Read the records below. Copy each line where the string "moreover" occurs.
------ The data
lemma rows_eq_fg_mat:
  assumes "inj R" "R i a \<noteq> R i b"
  shows "\<exists>\<sigma> f g. \<sigma> permutes UNIV \<and> (\<forall>i j. R i j = (if \<sigma> i = j then f else g))"
proof -
  obtain f g where "\<forall>i. \<exists>s. R i = (\<lambda>j. if s = j then f else g)"
    using rows_of_fg_shape[OF assms] by blast
  then obtain \<sigma> where \<sigma>: "\<forall>i. R i = (\<lambda>j. if \<sigma> i = j then f else g)"
    by (rule choice[THEN exE])
  have "inj \<sigma>"
  proof (rule injI)
    fix i i' assume "\<sigma> i = \<sigma> i'"
    then have "R i = R i'"
      using \<sigma> by simp
    with assms(1) show "i = i'"
      by (rule injD)
  qed
  then have "\<sigma> permutes UNIV"
    by (rule inj_imp_permutes) simp_all
  then show ?thesis
    using \<sigma> by auto
qed

end

lemma symmetric_automorphism_rows:
  fixes F :: "'n::finite \<Rightarrow> 'n \<Rightarrow> complex^'g::finite^'g"
  assumes "simple_av L" "is_Aut_pow L F" "symmetric_condition L F"
  shows "transposition_closed_rows F"
proof (rule transposition_closed_rows.intro)
  have lattice: "is_lattice L"
    using assms(1) by (rule simple_av_lattice)
  show "\<exists>j. F j = F i \<circ> Transposition.transpose a b" for i a b
    using symmetric_condition_transpose[OF lattice assms(3), of a b]
      transpose_row_permutation(1)[OF assms(2)] by blast
  show "i = j \<or> i = k \<or> j = k" if "F i a \<noteq> F i b" "F j a \<noteq> F j b" "F k a \<noteq> F k b" for a b i j k
  proof -
    have "a \<noteq> b"
      using that(1) by blast
    then show ?thesis
      using symmetric_condition_transpose[OF lattice assms(3), of a b]
        at_most_two_rows_differ[OF assms(1,2)] that by blast
  qed
qed

lemma symmetric_condition_imp_perm_fg:
  fixes F :: "'n::finite \<Rightarrow> 'n \<Rightarrow> complex^'g::finite^'g"
  assumes "simple_av L" "CARD('n) \<ge> 2" "is_Aut_pow L F" "symmetric_condition L F"
  shows "\<exists>\<sigma> f g. \<sigma> permutes UNIV \<and> f \<in> End_AV L \<and> g \<in> End_AV L \<and>
    F = mat_comp (perm_mat \<sigma>) (fg_mat f g)"
proof -
  interpret transposition_closed_rows F
    using assms(1,3,4) by (rule symmetric_automorphism_rows)
  have "\<not> CARD('n) \<le> Suc 0"
    using assms(2) by simp
  then obtain a b :: 'n where "a \<noteq> b"
    using card_le_Suc0_iff_eq[of "UNIV :: 'n set"] by auto
  then obtain i where "F i a \<noteq> F i b"
    using is_Aut_pow_columns_differ[OF assms(3)] by blast
  then obtain \<sigma> f g where "\<sigma> permutes UNIV" and F: "\<And>i j. F i j = (if \<sigma> i = j then f else g)"
    using rows_eq_fg_mat[OF is_Aut_pow_rows_inj[OF assms(3)]] by blast
  have entries: "F i j \<in> End_AV L" for i j
    using assms(3) by (simp add: is_Aut_pow_def is_End_pow_def)
  have "f \<in> End_AV L"
    using entries[of a "\<sigma> a"] by (simp add: F)
  moreover have "g \<in> End_AV L"
    using entries[of a "if \<sigma> a = a then b else a"] \<open>a \<noteq> b\<close> by (simp add: F split: if_splits)
  moreover have "F = mat_comp (perm_mat \<sigma>) (fg_mat f g)"
    by (simp add: fun_eq_iff mat_comp_perm_mat fg_mat_def F)
  ultimately show ?thesis
    using \<open>\<sigma> permutes UNIV\<close> by blast
qed

theorem theorem1p4:
  fixes L :: "(complex^'g::finite) set"
    and F :: "'n::finite \<Rightarrow> 'n \<Rightarrow> complex^'g^'g"
  assumes "simple_av L"
    and "CARD('n) \<ge> 2"
    and "is_Aut_pow L F"
  shows "symmetric_condition L F \<longleftrightarrow>
    (\<exists>\<sigma> f g. \<sigma> permutes (UNIV :: 'n set) \<and> f \<in> End_AV L \<and> g \<in> End_AV L \<and>
       F = mat_comp (perm_mat \<sigma>) (fg_mat f g))"
  using symmetric_condition_imp_perm_fg[OF assms]
    perm_fg_imp_symmetric_condition[OF simple_av_lattice[OF assms(1)] assms(3)] by blast

end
------------
**Result of this exercise:**
  moreover have "g \<in> End_AV L"
  moreover have "F = mat_comp (perm_mat \<sigma>) (fg_mat f g)"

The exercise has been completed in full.